New script filterForLongestTranscript to process FASTA files
New plugin AddNumberOfMembers.pm to update ortholog group statistics
Fixes to InsertPhylogeneticProfile.pm to use source_id instead of parsing protein IDs
Merge conflict resolution in orthomclEcPrediction for table name changes

Critical Issues

Syntax Error in AddNumberOfMembers.pm ❌

Location: Load/plugin/perl/AddNumberOfMembers.pm:80

og.core_peripheral = 'peripheral'

This line starts with a SQL fragment but has no context. The code appears to be truncated or has a copy-paste error. The getUnfinishedOrthologGroups() method is called but never
defined, and the SQL query starting at line 80 is incomplete.

Impact: This plugin will fail to compile and run.

Duplicate Variable Declarations in AddNumberOfMembers.pm ❌

Location: Load/plugin/perl/AddNumberOfMembers.pm:146-148

my $sql = "UPDATE apidb.OrthologGroup SET number_of_members = -1";
my $sql = "UPDATE apidb.OrthologGroup SET number_of_core_members = -1";
my $sql = "UPDATE apidb.OrthologGroup SET number_of_peripheral_members = -1";

Three my $sql declarations overwrite each other. Only the last one will execute during undo.

Recommendation: Execute all three statements:
my $sql1 = "UPDATE apidb.OrthologGroup SET number_of_members = -1";
my $sql2 = "UPDATE apidb.OrthologGroup SET number_of_core_members = -1";
my $sql3 = "UPDATE apidb.OrthologGroup SET number_of_peripheral_members = -1";
$dbh->prepareAndExecute($sql1);
$dbh->prepareAndExecute($sql2);
$dbh->prepareAndExecute($sql3);

Code Quality Issues

Missing Error Handling in filterForLongestTranscript

Location: Load/bin/filterForLongestTranscript:33

The file move operation could fail partway through, leaving the directory in an inconsistent state:
move($src, $dest) or die "Failed to overwrite $dest: $!\n";

Recommendation: Consider creating backups before overwriting or implementing atomic operations.

Hardcoded Regex Pattern

Location: Load/bin/filterForLongestTranscript:72

my ($gene_id) = $header =~ /gene=([^\s]+)/;

The script assumes all FASTA headers contain gene= which is acknowledged in the comment but fragile. If the format changes, all files will be silently skipped with only warnings.

Recommendation: Make the regex pattern configurable via command-line argument with gene= as default.

Performance Concern: Memory Usage

Location: Load/bin/filterForLongestTranscript:42-56

The entire FASTA file is loaded into memory via the %genes hash. For very large files with many genes, this could consume significant memory.

Recommendation: Document memory requirements or consider streaming approaches for very large datasets.

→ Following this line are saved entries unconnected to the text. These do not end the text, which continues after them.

lemma tnQ_cvec_long_coroot:
  assumes even: "\<forall>k\<in>{1..<r}. even (d k)"
    and w: "w \<in> {1..<r}" and pairing: "pair (a w) (cvec r c d) \<in> {2, -2}"
  shows "tnQ Q n (cvec r c d) = n_short"
  unfolding n_short_eq
proof (rule tnQ_cvec)
  show "\<forall>k\<in>{1..r}. 2 * q dvd d k * Q (c k)"
    using even by (auto simp: Q_simple_coroot mult.commute[of 2] mult_dvd_mono)
  show "w \<in> {1..r}" using w by simp
  then show "Q (c w) * pair (a w) (cvec r c d) dvd 2 * q" using w pairing by (auto simp: Q_simple_coroot)
  show "pair (a w) (cvec r c d) \<noteq> 0" using pairing by auto
qed

lemma tnQ_simple_coroot_short: "tnQ Q n (c r) = n_short"
proof -
  have "r \<in> {1..r}" "pair (a (r - 1)) (c r) = -2" using cartan r3 by (simp_all add: cartanB_def)
  then have "tnQ Q n (cvec r c (\<lambda>j. if j = r then 1 else 0)) = n_short"
    using r3 by (intro tnQ_cvec_long_coroot[of _ "r - 1"]) (simp_all add: cvec_delta)
  then show ?thesis using \<open>r \<in> {1..r}\<close> by (simp add: cvec_delta)
qed

lemma tnQ_simple_coroot_long:
  assumes k: "k \<in> {1..<r}"
  shows "tnQ Q n (c k) = n_long"
proof -
  obtain w where w: "w \<in> {1..<r}" "k = w + 1 \<or> w = k + 1"
  proof (cases "k \<ge> 2")
    case True
    then show thesis using k by (intro that[of "k - 1"]) auto
  next
    case False
    then show thesis using k r3 by (intro that[of 2]) auto
  qed
  then have "pair (a w) (c k) = -1" using k cartan by (auto simp: cartanB_def)
  then have "tnQ Q n (cvec r c (\<lambda>j. if j = k then 1 else 0)) = n_long"
    using k w by (intro tnQ_cvec_short_coroot[of w]) (simp_all add: cvec_delta)
  then show ?thesis using k by (simp add: cvec_delta)
qed

lemma fX_eq:
  "fX r c Q n d = of_int (\<Sum>k\<in>{1..<r}. d k) / of_int n_long + of_int (d r) / of_int n_short"
proof -
  have "fX r c Q n d = (\<Sum>k\<in>{1..<r}. of_int (d k) / of_int (tnQ Q n (c k)))
      + of_int (d r) / of_int (tnQ Q n (c r))"
    unfolding fX_def atLeastLessThanSuc_atLeastAtMost[symmetric] using r3
    by (simp add: sum.atLeastLessThan_Suc)
  also have "\<dots> = (\<Sum>k\<in>{1..<r}. of_int (d k) / of_int n_long) + of_int (d r) / of_int n_short"
    using r3 by (simp add: tnQ_simple_coroot_short tnQ_simple_coroot_long)
  finally show ?thesis by (simp add: sum_divide_distrib)
qed

end

section \<open>The three families of positive roots and coroots\<close>

text \<open>Coefficient vectors with respect to the simple (co)roots: \<open>segment i j\<close> is that of
  \<open>\<Sum>\<^sub>i\<^sub>\<le>\<^sub>k\<^sub><\<^sub>j \<alpha>\<^sub>k\<close>, the coefficients of both type-I coroots and type-II roots.\<close>

definition segment :: "nat \<Rightarrow> nat \<Rightarrow> nat \<Rightarrow> int" where
  "segment i j k = (if i \<le> k \<and> k < j then 1 else 0)"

Improvements in InsertPhylogeneticProfile.pm ✅

Excellent Fix: Proper Protein ID Resolution

Location: Load/plugin/perl/InsertPhylogeneticProfile.pm:94-100

The change from parsing protein IDs with regex to using database lookups is a significant improvement:

OLD: my ($taxonCode, $sourceId) = split(/|/, $member);

NEW: Preload mapping from database

my $taxonCode = $proteinIdToOrthomclAbbrev{$member};

Benefits:

More robust and maintainable
Eliminates dependency on protein ID format
Single source of truth from the database

Whitespace/Indentation Cleanup ✅

The indentation fixes improve readability and follow Perl conventions.

Security Considerations

Path Traversal Risk (Low)

Location: Load/bin/filterForLongestTranscript:22-24

While using File::Spec->catfile() is good practice, there's no validation that files in the directory are actually owned by the expected user or haven't been symlinked.

Risk Level: Low (assuming trusted environment)
Recommendation: Add check for symlinks if processing untrusted directories.

Testing Gaps

No Test Coverage

The PR adds:

88 lines of new Perl script
156 lines of new plugin code
Significant logic changes to existing plugin

Recommendation: Add test cases for:

FASTA files with no gene= tags
FASTA files with multiple transcripts per gene
Empty FASTA files
Plugin behavior with zero core/peripheral members
Plugin restart capability

Style & Convention

Inconsistent Tab/Space Usage

Location: Load/plugin/perl/InsertPhylogeneticProfile.pm:82

while (my ($orthomclAbbrev) = $sth->fetchrow_array()) {
$allTaxa{$orthomclAbbrev} = 1; # tabs
}

The file mixes tabs and spaces. Should follow project conventions consistently.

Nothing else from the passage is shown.